Плавно, вкрадчиво плещущаяся густая влага поднялась еще выше, залепила уши, рот, нос, глаза, мягким и ласковым движением вдавила вниз, в глубину.

Не хочу!!!

Разом пропали и звуки, и запахи. Только застывшие перед неподвижно склеенными глазами янтарные волосяные пряди и боль.

Нет, нет, нет, нет!..

Я снова забился в порыве неконтролируемого, животного страха. Раз за разом я взывал к черному льду, но чудо-оружие, так почти и не использованное мной, либо покинуло меня, либо бессильно было против этой мутной жути. В висках било все медленнее. Кровь останавливалась в жилах. Я пытался кричать, но рот был намертво залеплен желтым ядом. Я был уже на большой глубине и продолжал опускаться. Надо мной, в медовой вязкой толще, дергался чей-то темный силуэт. Такой же бедолага, как и я?.. Мое ли отражение в струях Реки?.. Ответа не было. Ответов больше не будет. Ничего больше не будет.

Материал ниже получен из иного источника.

(* Let $n\ge 6$ and $k$ be coprime integers with $3\le k\le n-3$. Then $\mathsf{BO}(k,\mathbb{Z}/n\mathbb{Z})\ge k+1$; that is, there is a subset of $\mathbb{Z}/n\mathbb{Z}$ of cardinality $k$ which is not $k$-barycentric.
   Context: For a positive integer $k$, a set $\{g_1,\dots,g_k\}$ of $k$ distinct elements of a finite abelian group $G$ (written additively) is called $k$-barycentric if $\sum_{i=1}^k g_i = k\,g_j$ for some $1\le j\le k$. The $k$-th barycentric Olson constant $\mathsf{BO}(k,G)$ is the smallest integer $\ell$ such that every subset $A\subseteq G$ with $|A|\ge \ell$ contains a $k$-barycentric subset (so that always $\mathsf{BO}(k,G)\le |G|+1$). *)

theory Defs
  imports "HOL-Number_Theory.Number_Theory"
begin

text \<open>The cyclic group Z/nZ (n > 0) is modelled by the canonical representatives
  {0..<n} :: int set, with addition taken modulo n.\<close>

definition zn_barycentric :: "nat \<Rightarrow> nat \<Rightarrow> int set \<Rightarrow> bool" where
  "zn_barycentric n k S \<longleftrightarrow>
     S \<subseteq> {0..<int n} \<and> card S = k \<and> (\<exists>g\<in>S. [\<Sum>S = int k * g] (mod int n))"

definition BO_Zn :: "nat \<Rightarrow> nat \<Rightarrow> nat" where
  "BO_Zn k n = (LEAST l. \<forall>A. A \<subseteq> {0..<int n} \<and> card A \<ge> l \<longrightarrow>
                            (\<exists>S\<subseteq>A. zn_barycentric n k S))"

end

theory Submission
  imports Defs
begin

text \<open>A set A of k nonzero residues whose sum is 0 modulo n has no k-barycentric subset: the only
  candidate is A itself, and k g = 0 with k coprime to n forces g = 0.  Such a set is built from
  pairs {j, n - j}, each summing to n, completed when k is odd by a triple with sum divisible
  by n: {1, 2, n - 3}, or {n/2, n/2 + 1, n - 1} in the tight case k = n - 3.\<close>

definition mirror_pairs :: "int \<Rightarrow> int set \<Rightarrow> int set" where
  "mirror_pairs N T = T \<union> (\<lambda>j. N - j) ` T"

lemma
  fixes T :: "int set" and N :: int
  assumes "finite T" and T_lower_half: "\<forall>j\<in>T. 0 < j \<and> 2 * j < N"
  shows card_mirror_pairs: "card (mirror_pairs N T) = 2 * card T"
    and sum_mirror_pairs: "\<Sum>(mirror_pairs N T) = int (card T) * N"
    and mirror_pairs_subset: "mirror_pairs N T \<subseteq> {1..<N}"
proof -
  have inj: "inj_on (\<lambda>j. N - j) T" by (auto simp: inj_on_def)
  have "a \<noteq> N - b" if "a \<in> T" "b \<in> T" for a b
  proof -
    have "2 * a < N" "2 * b < N" using T_lower_half that by auto
    then show ?thesis by linarith
  qed
  then have disj: "T \<inter> (\<lambda>j. N - j) ` T = {}" by blast
  show "card (mirror_pairs N T) = 2 * card T"
    using card_Un_disjoint[OF \<open>finite T\<close> finite_imageI[OF \<open>finite T\<close>] disj] card_image[OF inj]
    by (simp add: mirror_pairs_def)
  have "\<Sum>(mirror_pairs N T) = \<Sum>T + (\<Sum>j\<in>T. N - j)"
    using sum.union_disjoint[OF \<open>finite T\<close> finite_imageI[OF \<open>finite T\<close>] disj, of "\<lambda>x. x"]
      sum.reindex[OF inj, of "\<lambda>x. x"]
    by (simp add: mirror_pairs_def)
  also have "\<dots> = (\<Sum>j\<in>T. j + (N - j))" by (rule sum.distrib[symmetric])
  finally show "\<Sum>(mirror_pairs N T) = int (card T) * N" by simp
  show "mirror_pairs N T \<subseteq> {1..<N}" using T_lower_half by (force simp: mirror_pairs_def)
qed

lemma zero_sum_union_mirror_pairs:
  fixes C T :: "int set" and N :: int
  assumes "finite C" "C \<subseteq> {1..<N}" "N dvd \<Sum>C"
    and "finite T" "\<forall>j\<in>T. 0 < j \<and> 2 * j < N"
    and disj: "C \<inter> mirror_pairs N T = {}"
  shows "C \<union> mirror_pairs N T \<subseteq> {1..<N}"
    and "card (C \<union> mirror_pairs N T) = card C + 2 * card T"
    and "N dvd \<Sum>(C \<union> mirror_pairs N T)"
proof -
  have fin: "finite (mirror_pairs N T)" using \<open>finite T\<close> by (simp add: mirror_pairs_def)
  show "C \<union> mirror_pairs N T \<subseteq> {1..<N}"
    using \<open>C \<subseteq> {1..<N}\<close> mirror_pairs_subset[OF assms(4,5)] by blast
  show "card (C \<union> mirror_pairs N T) = card C + 2 * card T"
    using card_Un_disjoint[OF \<open>finite C\<close> fin disj] card_mirror_pairs[OF assms(4,5)] by simp
  show "N dvd \<Sum>(C \<union> mirror_pairs N T)"
    using sum.union_disjoint[OF \<open>finite C\<close> fin disj, of "\<lambda>x. x"] sum_mirror_pairs[OF assms(4,5)]
      \<open>N dvd \<Sum>C\<close> by simp
qed

lemma zero_sum_subset_exists:
  fixes n k :: nat
  assumes "3 \<le> k" "k + 3 \<le> n"
  shows "\<exists>A. A \<subseteq> {1..<int n} \<and> card A = k \<and> int n dvd \<Sum>A"
proof -
  define N where "N = int n"
  have "\<exists>C T. finite C \<and> C \<subseteq> {1..<N} \<and> N dvd \<Sum>C \<and> finite T \<and> (\<forall>j\<in>T. 0 < j \<and> 2 * j < N)
           \<and> C \<inter> mirror_pairs N T = {} \<and> card C + 2 * card T = k"
  proof (cases "even k")
    case True
    have "card {1..int k div 2} = k div 2" by simp
    with True assms show ?thesis unfolding N_def
      by (intro exI[of _ "{}"] exI[of _ "{1..int k div 2}"]) auto
  next
    case False
    show ?thesis
    proof (cases "k + 3 < n")
      case True
      define C where "C = {1, 2, N - 3}"
      define T where "T = {4..(int k + 3) div 2}"
      have C: "finite C" "C \<subseteq> {1..<N}" "N dvd \<Sum>C" "card C = 3"
        using assms unfolding C_def N_def by auto
      have T: "finite T" "\<forall>j\<in>T. 0 < j \<and> 2 * j < N"
        using True unfolding T_def N_def by auto
      have "int (card T) = (int k + 3) div 2 - 3" using assms unfolding T_def by simp
      with False \<open>card C = 3\<close> have "card C + 2 * card T = k" by presburger
      moreover have "C \<inter> mirror_pairs N T = {}"
        using True unfolding C_def T_def N_def mirror_pairs_def by auto
      ultimately show ?thesis using C T by blast
    next
      case tight: False
      define h where "h = N div 2"
      have N_eq: "N = 2 * h" and "h \<ge> 3"
        using False tight assms unfolding h_def N_def by (auto elim!: oddE)
      define C where "C = {h, N - 1, h + 1}"
      define T where "T = {2..h - 2}"
      have C: "finite C" "C \<subseteq> {1..<N}" "N dvd \<Sum>C" "card C = 3"
        using N_eq \<open>h \<ge> 3\<close> unfolding C_def by auto
      have T: "finite T" "\<forall>j\<in>T. 0 < j \<and> 2 * j < N"
        using N_eq unfolding T_def by auto
      have "int (card T) = h - 3" using \<open>h \<ge> 3\<close> unfolding T_def by simp
      with N_eq \<open>card C = 3\<close> tight assms have "card C + 2 * card T = k"
        unfolding N_def by linarith
      moreover have "C \<inter> mirror_pairs N T = {}"
        using N_eq unfolding C_def T_def mirror_pairs_def by auto
      ultimately show ?thesis using C T by blast
    qed
  qed
  then obtain C T where "finite C" "C \<subseteq> {1..<N}" "N dvd \<Sum>C" "finite T"
    "\<forall>j\<in>T. 0 < j \<and> 2 * j < N" "C \<inter> mirror_pairs N T = {}" "card C + 2 * card T = k"
    by blast
  with zero_sum_union_mirror_pairs[of C N T] show ?thesis unfolding N_def by metis
qed

lemma zero_sum_set_not_barycentric:
  fixes A :: "int set"
  assumes "A \<subseteq> {1..<int n}" "card A = k" "int n dvd \<Sum>A" "coprime k n"
  shows "\<not> (\<exists>S\<subseteq>A. zn_barycentric n k S)"
proof
  assume "\<exists>S\<subseteq>A. zn_barycentric n k S"
  then obtain S where S: "S \<subseteq> A" "zn_barycentric n k S" by blast
  have "finite A" using assms(1) finite_subset by blast
  then have "S = A" using S card_subset_eq assms(2) by (auto simp: zn_barycentric_def)
  then obtain g where g: "g \<in> A" "[\<Sum>A = int k * g] (mod int n)"
    using S(2) by (auto simp: zn_barycentric_def)
  then have "int n dvd int k * g" using assms(3) by (metis cong_dvd_iff)
  moreover have "coprime (int n) (int k)" using assms(4) by (simp add: coprime_commute)
  ultimately have "int n dvd g" by (simp add: coprime_dvd_mult_right_iff)
  moreover have "0 < g" "g < int n" using g(1) assms(1) by auto
  ultimately show False using zdvd_imp_le by fastforce
qed

lemma BO_Zn_greater_card:
  assumes "A \<subseteq> {0..<int n}" "\<not> (\<exists>S\<subseteq>A. zn_barycentric n k S)"
  shows "BO_Zn k n \<ge> card A + 1"
proof -
  define P where "P l \<longleftrightarrow> (\<forall>A. A \<subseteq> {0..<int n} \<and> card A \<ge> l \<longrightarrow> (\<exists>S\<subseteq>A. zn_barycentric n k S))"
    for l
  have "P (n + 1)"
    unfolding P_def
  proof (intro allI impI)
    fix B :: "int set" assume B: "B \<subseteq> {0..<int n} \<and> n + 1 \<le> card B"
    then have "card B \<le> n" using card_mono[of "{0..<int n}" B] by simp
    with B show "\<exists>S\<subseteq>B. zn_barycentric n k S" by simp
  qed
  then have "P (Least P)" by (rule LeastI)
  moreover have "\<not> P l" if "l \<le> card A" for l using assms that unfolding P_def by blast
  ultimately have "\<not> Least P \<le> card A" by blast
  then show ?thesis unfolding BO_Zn_def P_def[symmetric] by simp
qed

theorem mainTheorem4:
  fixes n k :: nat
  assumes "n \<ge> 6" and "coprime k n" and "3 \<le> k" and "k \<le> n - 3"
  shows "BO_Zn k n \<ge> k + 1"
proof -
  have "k + 3 \<le> n" using assms by linarith
  then obtain A where A: "A \<subseteq> {1..<int n}" "card A = k" "int n dvd \<Sum>A"
    using zero_sum_subset_exists \<open>3 \<le> k\<close> by blast
  then have "A \<subseteq> {0..<int n}" by auto
  with zero_sum_set_not_barycentric[OF A assms(2)] show ?thesis
    using BO_Zn_greater_card \<open>card A = k\<close> by metis
qed

end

Желтый свет. Тишина. И боль.

…Но взметнулись в предрассветном небе тонкие пряди белоснежных волос… И я понял, что не умру. Я не мог умереть. У меня не было ни имени, ни памяти, и костлявому перевозчику на берегах мертвой реки оставалось только рассерженно сплюнуть и отвернуться — я ничем не мог ему заплатить. Вселенная… Катись ты к черту, Вселенная. И гуманность свою прихвати за компанию. Плевал я на твои правила. Я — Смеющийся Факельщик, старший из них, и лишен связи с тобой. Я брожу, где мне вздумается, сам по себе. Не тебе указывать мне, что делать.

Высоко надо мной вспыхнула звездочка. Маленькая, подобная робкому светлячку, севшему на желтую занавеску. Такая милая и хорошая. Я улыбнулся и потянулся к ней. Мертвые воды держали мое тело в тисках, но я стремился ввысь, к мерцающему в вышине огоньку, стремился всем своим существом, всем тем, что от него еще осталось.

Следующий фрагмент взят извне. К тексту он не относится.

theorem mainTheorem8:
  fixes n :: nat and d D :: "(nat \<Rightarrow> complex) \<Rightarrow> (nat \<Rightarrow> complex)"
  assumes "n \<ge> 2" and "linear_endo n d" and "linear_endo n D"
  shows "is_biderivation n d D \<longleftrightarrow>
    (\<exists>\<alpha>1 \<alpha>2 :: complex. \<exists>\<beta> :: nat \<Rightarrow> complex.
       d hh = smul (- \<alpha>1) (ee n 1)
     \<and> (\<forall>i\<in>{1..n}. d (ee n i) = vadd (smul (of_nat i * \<alpha>2) (ee n i)) (smul \<alpha>1 (ee n (i + 1))))
     \<and> D hh = vadd (vadd (smul (- \<alpha>1) (ee n 1))
                      (\<lambda>k. \<Sum>i=2..n-1. of_nat i * \<beta> (i + 1) * ee n i k))
                (smul (\<beta> (n + 1)) (ee n n))
     \<and> D (ee n 1) = vadd (vadd (smul \<alpha>2 (ee n 1)) (smul (- \<alpha>1) (ee n 2)))
                      (\<lambda>k. \<Sum>i=3..n. \<beta> i * ee n i k)
     \<and> (\<forall>i\<in>{2..n}. D (ee n i) = (\<lambda>k. 0)))"
proof -
  have n1: "1 \<le> n" using assms(1) by simp
  have car: "D hh \<in> carR n" "D (ee n 1) \<in> carR n"
    using assms(3) hh_in_carR ee_in_carR by (auto simp: linear_endo_def)
  note d_form = eq_right_mult_iff_basis[OF n1 assms(2)]
  note D_form = antiderivation_form_iff[OF assms(1) car]
  show ?thesis
    unfolding biderivation_iff_right_mult[OF assms]
    apply (intro iffI; elim exE conjE)
    subgoal for z
      using d_form[of z] D_form[of "z 1" "z 0"] by blast
    subgoal for \<alpha>1 \<alpha>2 \<beta>
      using d_form[of "\<lambda>k. if k = 0 then \<alpha>2 else \<alpha>1"] D_form[of \<alpha>1 \<alpha>2] by auto
    done
qed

И что-то стало поддаваться, что-то недовольно захлюпало и заскрежетало вокруг меня, идя невидимыми трещинами. А потом вдруг, издав пронзительный скрежет, переломилось и разлетелось вдребезги. Вместо каменных колодок мои руки окутывала шипучая пена, тонкий вихрь легких пузырьков вскипевшего янтаря. Я провел ладонями по телу, по остаткам одежды, растворяя гибельный клей.

Рассекая воды Несбывшегося руками, как веслами, я понесся вверх, к звезде. Поверхность янтаря гневно и разочарованно чмокнула, когда я прорвал ее и вонзился в черноту неба. Тусклые звезды Н-поля были едва заметны рядом с ее ровным и мягким сиянием. В нем сплелись два цвета — густо-алое свечение ядра, нежно-сиреневый отблеск короны. Как красиво. Я засмеялся от радости и взял звездочку в ладони.

И комочек живого огня, рассыпавшись снопом искр, протек у меня между пальцев.

Капли раскаленного металла, брызнув из глаз, обожгли веки. Я согнулся пополам в пустоте, испустив стон смертельной муки.

Это была она. Я ясно видел ее глаза.

И я не смог ее удержать.

Коракс

Для того, чтобы мой план начал работать, плетениям требовалась память, и немало. По сути дела, им предстояло самое сложное из испытаний — работать без моего контроля, поддерживая жизнь в том, что от меня осталось. Конечно, попади я в руки врачей, они без лишних сомнений отрезали бы руки и ноги, чтобы пытаться сохранить жизнь в оставшемся обрубке, и возможно, им бы это удалось. Вот только меня такой вариант не устраивал совершенно — должно было быть иное решение.

К тому же, следовало не забывать, что основной целью оставалось спасение Соусейсеки из плена полужизни. Как же все-таки неприятно было зависеть от кого-то, кроме себя!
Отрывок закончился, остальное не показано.